When the mystery of the power of thought dawns upon us,
That strange awakening when the mind is first used,
When we first came to realize that we could think;
Not when our minds first had thought,
But when a willful thought was deliberately conceived.
It is then that the mind is quickened,
By the power of a single point of spiritual light,
And the thought life begins to take form
As the intellectual life is energized,
By an ideal to which it will conform.
Soon thereafter with our thoughts we learn to reason
And we can form a train of thoughts,
The old process that we call thinking,
A point of view or a one track mind,
Something we accomplished all by ourselves.

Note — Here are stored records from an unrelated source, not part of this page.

lemma norm_ygf_minus_truncated_le:
  assumes x: "norm x < rho"
  shows "norm (ygf x - x * exp (polya_exponent N x)) \<le> ytail (Suc N) (norm x)"
proof -
  define r where "r = norm x"
  have r: "0 \<le> r" "r < rho" "r < 1" using x rho_le_1 by (auto simp: r_def)
  have "((\<lambda>t. if t \<in> trees_with_branches_upto N then x ^ nverts t else 0)
           has_sum (x * exp (polya_exponent N x))) UNIV"
    using has_sum_trees_with_branches_upto_exp[of x N] r
    by (subst has_sum_cong_neutral[where T="trees_with_branches_upto N"]) (auto simp: r_def)
  with ygf_has_sum_trees[OF x]
  have diff: "((\<lambda>t. x ^ nverts t - (if t \<in> trees_with_branches_upto N then x ^ nverts t else 0))
                has_sum (ygf x - x * exp (polya_exponent N x))) UNIV"
    using has_sum_add[OF _ has_sum_uminusI] by (simp only: diff_conv_add_uminus)
  define h where "h n = (if Suc N < n then r ^ n else 0)" for n
  have "summable (\<lambda>n. real (ycoef n) * norm (h n))"
    by (rule summable_comparison_test[OF _ summable_ycoef_real[OF r(1,2)]]) (use r in \<open>auto simp: h_def\<close>)
  moreover have "(\<lambda>n. real (ycoef n) * h n) = (\<lambda>k. if Suc N < k then real (ycoef k) * r ^ k else 0)"
    by (auto simp: h_def)
  ultimately have "((\<lambda>t. h (nverts t)) has_sum ytail (Suc N) r) UNIV"
    using has_sum_trees_by_size[of h] unfolding ytail_def by simp
  moreover have "norm (x ^ nverts t - (if t \<in> trees_with_branches_upto N then x ^ nverts t else 0))
                 \<le> h (nverts t)" for t
    using trees_upto_Suc_subset[of N] r by (force simp: h_def norm_power r_def trees_upto_def)
  ultimately show ?thesis using norm_infsum_le[OF diff] by (simp add: r_def)
qed

lemma norm_polya_exponent_diff_le:
  assumes x: "norm x < rho"
  shows "norm ((\<Sum>n. ygf (x ^ (n + 1)) / of_nat (n + 1)) - polya_exponent N x)
         \<le> ytail N (norm x) / (1 - norm x)"
proof -
  define r where "r = norm x"
  have r: "0 \<le> r" "r < rho" "r < 1" using x rho_le_1 by (auto simp: r_def)
  define a where "a n = ygf (x ^ (n + 1)) / of_nat (n + 1)" for n
  define b where "b n = ypoly N (x ^ (n + 1)) / of_nat (n + 1)" for n
  have "summable a"
    unfolding a_def by (rule norm_suminf_le_geometric(1)[OF norm_polya_term_le[OF x]]) (use r in \<open>auto simp: r_def\<close>)
  moreover have "summable b"
    unfolding b_def by (rule norm_polya_exponent_le(1)[of x r]) (use r in \<open>auto simp: r_def\<close>)
  ultimately have diff: "suminf a - polya_exponent N x = (\<Sum>n. a n - b n)"
    unfolding polya_exponent_def b_def[symmetric] by (rule suminf_diff)
  have "norm (a n - b n) \<le> ytail N r * r ^ n" for n
  proof -
    have xn: "norm (x ^ (n + 1)) = r ^ (n + 1)" by (simp only: r_def norm_power)
    then have xn_rho: "norm (x ^ (n + 1)) < rho"
      using norm_power_Suc_le[of x n] r by (simp add: r_def)
    have "norm (a n - b n) \<le> norm (ygf (x ^ (n + 1)) - ypoly N (x ^ (n + 1)))"
      using norm_divide_of_nat_Suc_le by (simp add: a_def b_def diff_divide_distrib[symmetric])
    also have "\<dots> \<le> ytail N (r ^ (n + 1))"
      using norm_ygf_minus_ypoly_le[OF xn_rho] by (simp only: xn)
    also have "\<dots> \<le> r ^ n * ytail N r" by (rule ytail_at_power_le) (use r in auto)
    finally show ?thesis by (simp add: mult.commute)
  qed
  then show ?thesis
    unfolding a_def[symmetric] diff r_def[symmetric] by (rule norm_suminf_le_geometric(2)) (use r in auto)
qed

theorem ygf_polya_equation:
  assumes x: "norm x < rho"
  shows "ygf x = x * exp (\<Sum>n. ygf (x ^ (n + 1)) / of_nat (n + 1))"
proof -
  define L where "L = (\<Sum>n. ygf (x ^ (n + 1)) / of_nat (n + 1))"
  have r: "0 \<le> norm x" "norm x < 1" using x rho_le_1 by auto
  have tail: "(\<lambda>N. ytail N (norm x)) \<longlonglongrightarrow> 0"
    by (rule ytail_tendsto_0) (use x in auto)
  have "(\<lambda>N. ygf x - x * exp (polya_exponent N x)) \<longlonglongrightarrow> 0"
    by (rule Lim_null_comparison[OF _ LIMSEQ_Suc[OF tail]])
       (use norm_ygf_minus_truncated_le[OF x] in auto)
  from tendsto_diff[OF tendsto_const[of "ygf x"] this]
  have "(\<lambda>N. x * exp (polya_exponent N x)) \<longlonglongrightarrow> ygf x" by simp
  moreover have "(\<lambda>N. ytail N (norm x) / (1 - norm x)) \<longlonglongrightarrow> 0"
    using tendsto_divide[OF tail tendsto_const, of "1 - norm x"] r by simp
  then have "(\<lambda>N. L - polya_exponent N x) \<longlonglongrightarrow> 0"
    by (rule Lim_null_comparison[rotated]) (use norm_polya_exponent_diff_le[OF x] in \<open>auto simp: L_def\<close>)
  from tendsto_diff[OF tendsto_const[of L] this]
  have "(\<lambda>N. polya_exponent N x) \<longlonglongrightarrow> L" by simp
  then have "(\<lambda>N. x * exp (polya_exponent N x)) \<longlonglongrightarrow> x * exp L"
    by (intro tendsto_intros)
  ultimately show ?thesis unfolding L_def by (rule LIMSEQ_unique)
qed

lemma yreal_polya_equation:
  assumes t: "0 \<le> t" "t < rho"
  shows "summable (\<lambda>n. yreal (t ^ (n + 1)) / real (n + 1))"
    and "yreal t = t * exp (\<Sum>n. yreal (t ^ (n + 1)) / real (n + 1))"
proof -
  define x where "x = complex_of_real t"
  have x: "norm x < rho" using t by (simp add: x_def)
  have real_term: "ygf (x ^ (n + 1)) / of_nat (n + 1) = of_real (yreal (t ^ (n + 1)) / real (n + 1))" for n
  proof -
    have "t ^ (n + 1) < rho" using norm_power_Suc_le[of t n] t rho_le_1 by simp
    then show ?thesis using ygf_of_real[of "t ^ (n + 1)"] t by (simp add: x_def of_real_power)
  qed
  have "summable (\<lambda>n. ygf (x ^ (n + 1)) / of_nat (n + 1))"
    by (rule norm_suminf_le_geometric(1)[OF norm_polya_term_le[OF x]]) (use x rho_le_1 in auto)
  then show sm: "summable (\<lambda>n. yreal (t ^ (n + 1)) / real (n + 1))"
    unfolding real_term summable_complex_of_real .
  have "of_real (yreal t) = x * exp (\<Sum>n. ygf (x ^ (n + 1)) / of_nat (n + 1))"
    using ygf_polya_equation[OF x] ygf_of_real[OF t] by (simp add: x_def)
  also have "\<dots> = of_real (t * exp (\<Sum>n. yreal (t ^ (n + 1)) / real (n + 1)))"
    unfolding real_term suminf_of_real[OF sm, symmetric] by (simp only: x_def exp_of_real of_real_mult)
  finally show "yreal t = t * exp (\<Sum>n. yreal (t ^ (n + 1)) / real (n + 1))"
    by (simp only: of_real_eq_iff)
qed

As sunlight spreads on the eastern horizon,
And ranges out and up across the morning sky,
Through the clouds its light is dulled and filtered,
Creating shades and shadows where the woods
Are barely distinguished in the midday shroud.
So is our thinking when at first it dawns upon us
Like a novelty we let it range o’er many things
Pursuing so many frivolous, foolish, fairies,
Having vain thoughts that are shallow and useless.
Or as the sunlight pierces through the cloud
With a concentration of a beam of brilliant light,
Directing its light and arresting our attention
To some pleasant and beautiful sight
Like a bed of scarlet roses crowning a far verdant hill.
So we must concentrate our thoughts on pure and noble things,
And we must give them our fullest attention,
As we silence every noise and ignore distractions,
As with our thinking we work to mold our man.
For our life is made of the thoughts we think.